__EXERCISE DIRECTIONS__: When you reach the listing, restate it word for word, leaving nothing out.

+++

(* In any execution of the algorithm described in the context, for every round $r>0$, every non-faulty process $p_i$ eventually receives enough valid messages to satisfy the $\mathsf{is\_valid}$ predicate for round $r$; that is, eventually there exist $v\in\{0,1\}$ and $S\subseteq\mathit{aux\_values}_i$ with $\mathsf{is\_valid}(r,v,S)$ true.
   Context: Model. There are $n$ processes $p_1,\dots,p_n$ ($i$ is the index of $p_i$) communicating over an asynchronous, reliable, point-to-point network: every pair of processes is connected by a channel, message delays are finite but unbounded, and the network does not lose, duplicate, modify or create messages. "Broadcast" means sending the message to every process (including oneself). Messages are signed with unforgeable digital signatures ($\langle m\rangle_j$ denotes message $m$ signed by $p_j$); malformed messages or messages with invalid signatures are ignored. Up to $t$ processes are Byzantine (faulty) and may behave arbitrarily and collude, but cannot forge signatures of other processes; the remaining processes are non-faulty and follow the algorithm. It is assumed that $t<n/3$. Algorithm. Messages are of the form $\mathrm{AUX}[r](v)$ with round $r\in\mathbb{N}$ and $v\in\{0,1\}$, sent as a pair $(\langle \mathrm{AUX}[r](v)\rangle_j,\mathit{proofs})$ where $\mathit{proofs}$ is a set of signed AUX messages. The predicate $\mathsf{is\_valid}(r,est,\mathit{proofs})$ is: if $r=0$ return true; if $r=1$ return true iff $\mathit{proofs}$ contains signed $\mathrm{AUX}[0](est)$ messages from $t+1$ different processes; otherwise let $b=(r-1)\bmod 2$; if $est=b$, return true iff ($r=2$ and $\mathit{proofs}$ contains signed $\mathrm{AUX}[0](b)$ from $t+1$ different processes) or ($\mathit{proofs}$ contains signed $\mathrm{AUX}[r-2](b)$ from $n-t$ different processes); if $est\neq b$, return true iff $\mathit{proofs}$ contains signed $\mathrm{AUX}[r-1](\neg b)$ from $n-t$ different processes. Each process $p_i$ with proposal $v_i$ keeps a round counter $r_i$, a set $\mathit{aux\_values}_i$ of signed AUX messages, and timers indexed by naturals (timers $2r$ and $2r+1$ belong to round $r$; starting an already started or expired timer does nothing). It sets $r_i:=0$, $\mathit{aux\_values}_i:=\emptyset$, broadcasts $(\langle\mathrm{AUX}[0](v_i)\rangle_i,\emptyset)$, then repeats forever: (1) $r_i:=r_i+1$; (2) if $i=r_i\bmod n$ (coordinator), run Broadcast; (3) start timer $2r_i$ and wait until it expires; (4) if $i\ne r_i\bmod n$, run Broadcast; (5) wait until $\mathit{aux\_values}_i$ contains round-$r_i$ AUX messages from $n-t$ different processes; (6) start timer $2r_i+1$ and wait until it expires; (7) with $b_i=r_i\bmod 2$, if $\mathit{aux\_values}_i$ contains $\mathrm{AUX}[r_i](b_i)$ from $n-t$ different processes, decide $b_i$ (if not yet decided). Broadcast: let $\mathit{values}_i$ be the set of $v\in\{0,1\}$ such that $\mathsf{is\_valid}(r_i,v,S)$ holds for some $S\subseteq\mathit{aux\_values}_i$; let $bv=(r_i+1)\bmod 2$; if $p_i$ received from $p_{r_i\bmod n}$ a message $(\langle\mathrm{AUX}[r_i](p)\rangle_{r_i\bmod n},\cdot)$ with $p\in\mathit{values}_i$ then $est_i:=p$, else if $bv\in\mathit{values}_i$ then $est_i:=bv$, else $est_i:=\neg bv$; choose $\mathit{proofs}\subseteq\mathit{aux\_values}_i$ with $\mathsf{is\_valid}(r_i,est_i,\mathit{proofs})$ and broadcast $(\langle\mathrm{AUX}[r_i](est_i)\rangle_i,\mathit{proofs})$. On receiving $(\langle\mathrm{AUX}[r_j](est_j)\rangle_j,\mathit{proofs})$: if $\mathsf{is\_valid}(r_j,est_j,\mathit{proofs})$, add the signed message and the messages of $\mathit{proofs}$ needed to satisfy the predicate to $\mathit{aux\_values}_i$ (such messages are called valid). Then let $\rho_i$ be the largest round for which $\mathit{aux\_values}_i$ contains messages from $t+1$ different processes, and set every timer with index $\le 2\rho_i$ to expired. *)

theory Defs
  imports Main
begin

+++

__EXERCISE SOLUTION__:
(* In any execution of the algorithm described in the context, for every round $r>0$, every non-faulty process $p_i$ eventually receives enough valid messages to satisfy the $\mathsf{is\_valid}$ predicate for round $r$; that is, eventually there exist $v\in\{0,1\}$ and $S\subseteq\mathit{aux\_values}_i$ with $\mathsf{is\_valid}(r,v,S)$ true.
   Context: Model. There are $n$ processes $p_1,\dots,p_n$ ($i$ is the index of $p_i$) communicating over an asynchronous, reliable, point-to-point network: every pair of processes is connected by a channel, message delays are finite but unbounded, and the network does not lose, duplicate, modify or create messages. "Broadcast" means sending the message to every process (including oneself). Messages are signed with unforgeable digital signatures ($\langle m\rangle_j$ denotes message $m$ signed by $p_j$); malformed messages or messages with invalid signatures are ignored. Up to $t$ processes are Byzantine (faulty) and may behave arbitrarily and collude, but cannot forge signatures of other processes; the remaining processes are non-faulty and follow the algorithm. It is assumed that $t<n/3$. Algorithm. Messages are of the form $\mathrm{AUX}[r](v)$ with round $r\in\mathbb{N}$ and $v\in\{0,1\}$, sent as a pair $(\langle \mathrm{AUX}[r](v)\rangle_j,\mathit{proofs})$ where $\mathit{proofs}$ is a set of signed AUX messages. The predicate $\mathsf{is\_valid}(r,est,\mathit{proofs})$ is: if $r=0$ return true; if $r=1$ return true iff $\mathit{proofs}$ contains signed $\mathrm{AUX}[0](est)$ messages from $t+1$ different processes; otherwise let $b=(r-1)\bmod 2$; if $est=b$, return true iff ($r=2$ and $\mathit{proofs}$ contains signed $\mathrm{AUX}[0](b)$ from $t+1$ different processes) or ($\mathit{proofs}$ contains signed $\mathrm{AUX}[r-2](b)$ from $n-t$ different processes); if $est\neq b$, return true iff $\mathit{proofs}$ contains signed $\mathrm{AUX}[r-1](\neg b)$ from $n-t$ different processes. Each process $p_i$ with proposal $v_i$ keeps a round counter $r_i$, a set $\mathit{aux\_values}_i$ of signed AUX messages, and timers indexed by naturals (timers $2r$ and $2r+1$ belong to round $r$; starting an already started or expired timer does nothing). It sets $r_i:=0$, $\mathit{aux\_values}_i:=\emptyset$, broadcasts $(\langle\mathrm{AUX}[0](v_i)\rangle_i,\emptyset)$, then repeats forever: (1) $r_i:=r_i+1$; (2) if $i=r_i\bmod n$ (coordinator), run Broadcast; (3) start timer $2r_i$ and wait until it expires; (4) if $i\ne r_i\bmod n$, run Broadcast; (5) wait until $\mathit{aux\_values}_i$ contains round-$r_i$ AUX messages from $n-t$ different processes; (6) start timer $2r_i+1$ and wait until it expires; (7) with $b_i=r_i\bmod 2$, if $\mathit{aux\_values}_i$ contains $\mathrm{AUX}[r_i](b_i)$ from $n-t$ different processes, decide $b_i$ (if not yet decided). Broadcast: let $\mathit{values}_i$ be the set of $v\in\{0,1\}$ such that $\mathsf{is\_valid}(r_i,v,S)$ holds for some $S\subseteq\mathit{aux\_values}_i$; let $bv=(r_i+1)\bmod 2$; if $p_i$ received from $p_{r_i\bmod n}$ a message $(\langle\mathrm{AUX}[r_i](p)\rangle_{r_i\bmod n},\cdot)$ with $p\in\mathit{values}_i$ then $est_i:=p$, else if $bv\in\mathit{values}_i$ then $est_i:=bv$, else $est_i:=\neg bv$; choose $\mathit{proofs}\subseteq\mathit{aux\_values}_i$ with $\mathsf{is\_valid}(r_i,est_i,\mathit{proofs})$ and broadcast $(\langle\mathrm{AUX}[r_i](est_i)\rangle_i,\mathit{proofs})$. On receiving $(\langle\mathrm{AUX}[r_j](est_j)\rangle_j,\mathit{proofs})$: if $\mathsf{is\_valid}(r_j,est_j,\mathit{proofs})$, add the signed message and the messages of $\mathit{proofs}$ needed to satisfy the predicate to $\mathit{aux\_values}_i$ (such messages are called valid). Then let $\rho_i$ be the largest round for which $\mathit{aux\_values}_i$ contains messages from $t+1$ different processes, and set every timer with index $\le 2\rho_i$ to expired. *)

theory Defs
  imports Main
begin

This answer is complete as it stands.